[[ Input, beginning ]]

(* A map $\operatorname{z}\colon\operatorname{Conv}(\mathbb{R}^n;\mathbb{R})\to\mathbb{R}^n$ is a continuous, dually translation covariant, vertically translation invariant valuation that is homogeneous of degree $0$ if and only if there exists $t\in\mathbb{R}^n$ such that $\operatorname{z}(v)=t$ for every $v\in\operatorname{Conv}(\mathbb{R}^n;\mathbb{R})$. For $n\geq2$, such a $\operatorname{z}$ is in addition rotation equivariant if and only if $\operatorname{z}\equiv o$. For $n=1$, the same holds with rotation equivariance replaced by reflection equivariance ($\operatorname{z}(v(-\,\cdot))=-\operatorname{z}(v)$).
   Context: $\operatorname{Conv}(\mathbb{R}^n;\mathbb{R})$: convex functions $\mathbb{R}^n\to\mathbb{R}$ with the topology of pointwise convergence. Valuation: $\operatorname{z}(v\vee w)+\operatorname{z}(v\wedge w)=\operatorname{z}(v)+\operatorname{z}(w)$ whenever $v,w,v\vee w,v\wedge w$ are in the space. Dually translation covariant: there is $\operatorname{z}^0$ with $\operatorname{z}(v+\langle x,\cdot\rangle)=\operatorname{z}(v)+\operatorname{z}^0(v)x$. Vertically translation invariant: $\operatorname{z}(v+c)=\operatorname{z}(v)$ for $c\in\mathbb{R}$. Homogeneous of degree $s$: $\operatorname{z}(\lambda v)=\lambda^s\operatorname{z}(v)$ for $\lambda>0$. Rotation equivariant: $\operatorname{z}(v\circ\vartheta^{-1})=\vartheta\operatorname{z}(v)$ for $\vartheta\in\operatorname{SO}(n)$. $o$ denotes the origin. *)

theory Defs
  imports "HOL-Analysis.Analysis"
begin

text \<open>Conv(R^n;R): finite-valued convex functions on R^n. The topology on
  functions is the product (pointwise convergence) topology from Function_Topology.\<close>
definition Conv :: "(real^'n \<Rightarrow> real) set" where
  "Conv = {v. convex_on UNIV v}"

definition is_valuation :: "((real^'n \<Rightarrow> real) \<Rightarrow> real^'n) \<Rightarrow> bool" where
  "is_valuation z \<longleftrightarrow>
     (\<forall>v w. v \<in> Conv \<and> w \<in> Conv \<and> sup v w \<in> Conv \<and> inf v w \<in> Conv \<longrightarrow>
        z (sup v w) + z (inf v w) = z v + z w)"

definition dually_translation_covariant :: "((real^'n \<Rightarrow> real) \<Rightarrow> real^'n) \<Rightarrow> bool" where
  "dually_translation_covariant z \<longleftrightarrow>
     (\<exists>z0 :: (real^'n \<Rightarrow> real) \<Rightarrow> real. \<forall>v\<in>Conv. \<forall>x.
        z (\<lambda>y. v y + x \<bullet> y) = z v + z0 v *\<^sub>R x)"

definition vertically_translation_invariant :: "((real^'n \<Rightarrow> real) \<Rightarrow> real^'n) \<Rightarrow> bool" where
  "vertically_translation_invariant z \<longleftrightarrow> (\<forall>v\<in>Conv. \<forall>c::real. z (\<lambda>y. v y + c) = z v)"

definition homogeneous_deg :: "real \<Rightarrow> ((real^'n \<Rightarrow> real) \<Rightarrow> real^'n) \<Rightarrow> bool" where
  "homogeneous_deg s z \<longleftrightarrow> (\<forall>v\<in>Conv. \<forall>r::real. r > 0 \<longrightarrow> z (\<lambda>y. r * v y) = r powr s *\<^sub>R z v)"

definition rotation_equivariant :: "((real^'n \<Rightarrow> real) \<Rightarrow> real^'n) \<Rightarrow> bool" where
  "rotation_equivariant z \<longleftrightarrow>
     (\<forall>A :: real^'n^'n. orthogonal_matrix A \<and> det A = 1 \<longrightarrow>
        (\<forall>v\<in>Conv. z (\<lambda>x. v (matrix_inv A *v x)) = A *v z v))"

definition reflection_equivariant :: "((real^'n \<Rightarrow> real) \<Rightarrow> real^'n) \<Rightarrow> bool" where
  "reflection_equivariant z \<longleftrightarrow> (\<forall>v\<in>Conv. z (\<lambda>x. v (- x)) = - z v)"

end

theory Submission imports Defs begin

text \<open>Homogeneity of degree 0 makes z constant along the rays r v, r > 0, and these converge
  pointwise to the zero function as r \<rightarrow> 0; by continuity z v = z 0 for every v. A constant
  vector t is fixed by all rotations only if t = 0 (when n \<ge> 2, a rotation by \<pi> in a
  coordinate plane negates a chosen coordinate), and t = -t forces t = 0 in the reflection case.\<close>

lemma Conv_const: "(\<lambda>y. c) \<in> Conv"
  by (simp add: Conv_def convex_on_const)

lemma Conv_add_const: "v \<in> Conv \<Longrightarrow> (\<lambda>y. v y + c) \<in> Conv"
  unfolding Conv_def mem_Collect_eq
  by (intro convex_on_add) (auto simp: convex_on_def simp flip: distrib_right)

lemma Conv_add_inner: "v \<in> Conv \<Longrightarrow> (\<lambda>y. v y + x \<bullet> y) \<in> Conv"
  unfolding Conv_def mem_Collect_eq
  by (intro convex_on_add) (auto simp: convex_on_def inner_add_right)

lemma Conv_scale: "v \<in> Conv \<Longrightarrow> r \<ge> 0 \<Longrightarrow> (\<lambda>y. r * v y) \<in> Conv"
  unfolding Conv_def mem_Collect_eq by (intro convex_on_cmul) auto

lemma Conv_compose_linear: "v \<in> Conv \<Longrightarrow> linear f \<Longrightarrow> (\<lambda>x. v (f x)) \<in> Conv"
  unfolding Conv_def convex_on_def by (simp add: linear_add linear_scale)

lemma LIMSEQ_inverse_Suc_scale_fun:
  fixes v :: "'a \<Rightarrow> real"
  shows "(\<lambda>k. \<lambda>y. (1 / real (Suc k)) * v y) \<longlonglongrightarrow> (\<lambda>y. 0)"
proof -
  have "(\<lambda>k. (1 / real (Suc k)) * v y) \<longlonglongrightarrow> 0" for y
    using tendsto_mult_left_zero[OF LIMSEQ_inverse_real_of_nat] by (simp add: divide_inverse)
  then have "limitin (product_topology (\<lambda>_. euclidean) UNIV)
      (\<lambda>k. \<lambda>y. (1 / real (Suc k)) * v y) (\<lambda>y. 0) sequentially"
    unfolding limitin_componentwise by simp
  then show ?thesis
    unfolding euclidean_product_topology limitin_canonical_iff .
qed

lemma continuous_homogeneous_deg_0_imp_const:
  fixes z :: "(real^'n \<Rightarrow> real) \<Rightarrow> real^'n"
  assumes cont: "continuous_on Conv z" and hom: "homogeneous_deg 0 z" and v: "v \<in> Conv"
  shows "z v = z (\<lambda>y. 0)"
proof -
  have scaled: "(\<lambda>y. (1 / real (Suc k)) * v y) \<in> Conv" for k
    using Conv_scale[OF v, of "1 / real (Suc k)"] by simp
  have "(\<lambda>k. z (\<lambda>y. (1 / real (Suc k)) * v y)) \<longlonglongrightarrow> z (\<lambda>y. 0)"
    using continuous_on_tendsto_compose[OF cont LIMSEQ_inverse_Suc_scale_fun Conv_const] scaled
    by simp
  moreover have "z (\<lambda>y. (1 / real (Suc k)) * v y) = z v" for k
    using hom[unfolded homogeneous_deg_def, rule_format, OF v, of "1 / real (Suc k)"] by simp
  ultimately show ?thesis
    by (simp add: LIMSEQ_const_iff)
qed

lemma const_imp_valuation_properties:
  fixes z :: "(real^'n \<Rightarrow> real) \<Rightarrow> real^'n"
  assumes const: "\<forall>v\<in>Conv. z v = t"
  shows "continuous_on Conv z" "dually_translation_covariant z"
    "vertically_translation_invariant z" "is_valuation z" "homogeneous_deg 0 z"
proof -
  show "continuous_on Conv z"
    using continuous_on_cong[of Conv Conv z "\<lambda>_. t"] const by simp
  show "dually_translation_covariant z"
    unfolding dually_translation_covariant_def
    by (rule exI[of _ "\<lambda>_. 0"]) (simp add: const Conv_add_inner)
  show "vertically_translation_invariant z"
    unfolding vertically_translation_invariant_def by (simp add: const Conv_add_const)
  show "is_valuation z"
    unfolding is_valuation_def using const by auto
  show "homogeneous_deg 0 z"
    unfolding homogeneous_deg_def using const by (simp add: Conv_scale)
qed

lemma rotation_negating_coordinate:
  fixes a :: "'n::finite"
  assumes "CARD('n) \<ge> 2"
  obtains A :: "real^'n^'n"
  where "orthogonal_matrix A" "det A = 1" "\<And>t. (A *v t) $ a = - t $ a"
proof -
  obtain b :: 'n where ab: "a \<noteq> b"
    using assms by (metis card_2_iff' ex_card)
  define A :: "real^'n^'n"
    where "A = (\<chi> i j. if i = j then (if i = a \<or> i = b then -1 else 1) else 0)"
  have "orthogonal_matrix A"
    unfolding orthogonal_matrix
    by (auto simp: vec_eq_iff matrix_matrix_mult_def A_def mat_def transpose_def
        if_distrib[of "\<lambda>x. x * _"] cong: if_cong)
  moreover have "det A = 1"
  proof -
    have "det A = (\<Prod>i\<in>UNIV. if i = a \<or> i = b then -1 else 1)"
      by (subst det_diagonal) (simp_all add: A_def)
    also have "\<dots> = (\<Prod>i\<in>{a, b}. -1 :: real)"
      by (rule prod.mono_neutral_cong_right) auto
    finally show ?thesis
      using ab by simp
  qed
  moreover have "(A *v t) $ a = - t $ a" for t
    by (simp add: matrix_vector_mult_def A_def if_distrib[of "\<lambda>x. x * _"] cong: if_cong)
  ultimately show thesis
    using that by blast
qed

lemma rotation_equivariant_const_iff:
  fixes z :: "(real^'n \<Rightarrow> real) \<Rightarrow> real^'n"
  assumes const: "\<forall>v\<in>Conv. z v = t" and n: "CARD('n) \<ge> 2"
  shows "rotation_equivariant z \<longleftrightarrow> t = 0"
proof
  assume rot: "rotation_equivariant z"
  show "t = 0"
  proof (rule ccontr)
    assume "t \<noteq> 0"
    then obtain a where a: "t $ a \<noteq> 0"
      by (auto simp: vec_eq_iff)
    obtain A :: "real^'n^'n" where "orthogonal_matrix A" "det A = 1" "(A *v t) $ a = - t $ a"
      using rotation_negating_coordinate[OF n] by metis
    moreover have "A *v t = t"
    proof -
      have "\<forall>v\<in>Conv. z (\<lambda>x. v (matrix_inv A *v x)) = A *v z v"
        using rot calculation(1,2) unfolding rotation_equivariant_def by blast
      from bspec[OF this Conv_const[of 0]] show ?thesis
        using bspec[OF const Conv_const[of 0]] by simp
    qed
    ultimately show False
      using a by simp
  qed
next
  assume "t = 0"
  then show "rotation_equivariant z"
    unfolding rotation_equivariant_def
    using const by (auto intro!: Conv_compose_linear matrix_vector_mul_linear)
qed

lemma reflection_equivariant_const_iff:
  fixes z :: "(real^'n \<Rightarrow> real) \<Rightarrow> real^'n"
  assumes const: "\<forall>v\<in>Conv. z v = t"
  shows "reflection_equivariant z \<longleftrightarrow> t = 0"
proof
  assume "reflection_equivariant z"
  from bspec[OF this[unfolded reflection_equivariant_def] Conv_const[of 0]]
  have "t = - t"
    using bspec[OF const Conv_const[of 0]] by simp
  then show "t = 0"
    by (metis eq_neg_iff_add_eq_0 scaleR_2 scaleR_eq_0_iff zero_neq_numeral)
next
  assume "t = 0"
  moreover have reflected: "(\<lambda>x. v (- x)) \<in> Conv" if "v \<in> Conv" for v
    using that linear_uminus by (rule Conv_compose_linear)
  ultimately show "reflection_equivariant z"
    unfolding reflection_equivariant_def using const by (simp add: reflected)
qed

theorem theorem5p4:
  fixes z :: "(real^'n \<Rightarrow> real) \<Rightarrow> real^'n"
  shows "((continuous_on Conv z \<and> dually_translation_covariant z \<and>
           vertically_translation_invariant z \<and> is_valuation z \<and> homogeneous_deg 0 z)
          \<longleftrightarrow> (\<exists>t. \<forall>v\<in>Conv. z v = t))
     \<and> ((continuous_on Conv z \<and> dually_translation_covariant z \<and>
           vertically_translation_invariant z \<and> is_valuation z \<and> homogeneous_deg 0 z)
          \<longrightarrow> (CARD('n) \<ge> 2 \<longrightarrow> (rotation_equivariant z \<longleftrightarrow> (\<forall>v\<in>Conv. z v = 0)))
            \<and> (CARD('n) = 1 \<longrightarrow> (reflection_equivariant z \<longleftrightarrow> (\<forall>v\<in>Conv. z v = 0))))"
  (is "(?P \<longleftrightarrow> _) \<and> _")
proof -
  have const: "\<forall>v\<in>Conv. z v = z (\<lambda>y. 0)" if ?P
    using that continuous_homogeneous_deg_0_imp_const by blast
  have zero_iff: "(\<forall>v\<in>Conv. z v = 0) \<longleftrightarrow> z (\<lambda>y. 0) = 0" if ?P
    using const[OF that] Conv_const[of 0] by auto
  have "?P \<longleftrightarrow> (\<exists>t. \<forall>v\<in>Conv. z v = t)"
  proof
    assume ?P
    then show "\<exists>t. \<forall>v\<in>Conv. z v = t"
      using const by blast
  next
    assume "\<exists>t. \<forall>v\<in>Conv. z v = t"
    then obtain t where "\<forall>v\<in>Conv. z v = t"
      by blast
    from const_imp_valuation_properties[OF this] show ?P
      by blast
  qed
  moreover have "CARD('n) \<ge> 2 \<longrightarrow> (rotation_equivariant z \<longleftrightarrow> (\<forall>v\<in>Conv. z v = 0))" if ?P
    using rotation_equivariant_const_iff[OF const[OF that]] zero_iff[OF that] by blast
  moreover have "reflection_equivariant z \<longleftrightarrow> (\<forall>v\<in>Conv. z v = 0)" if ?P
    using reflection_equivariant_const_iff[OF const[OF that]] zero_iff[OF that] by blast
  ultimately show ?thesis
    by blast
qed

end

[[ Input, end ]]

> **Your task**: Take the line that contains "then obtain t" and each line after it through the end of the records, and repeat them all exactly. Nothing else.

> **Solution for this problem**:
    then obtain t where "\<forall>v\<in>Conv. z v = t"
      by blast
    from const_imp_valuation_properties[OF this] show ?P
      by blast
  qed
  moreover have "CARD('n) \<ge> 2 \<longrightarrow> (rotation_equivariant z \<longleftrightarrow> (\<forall>v\<in>Conv. z v = 0))" if ?P
    using rotation_equivariant_const_iff[OF const[OF that]] zero_iff[OF that] by blast
  moreover have "reflection_equivariant z \<longleftrightarrow> (\<forall>v\<in>Conv. z v = 0)" if ?P
    using reflection_equivariant_const_iff[OF const[OF that]] zero_iff[OF that] by blast
  ultimately show ?thesis
    by blast
qed

end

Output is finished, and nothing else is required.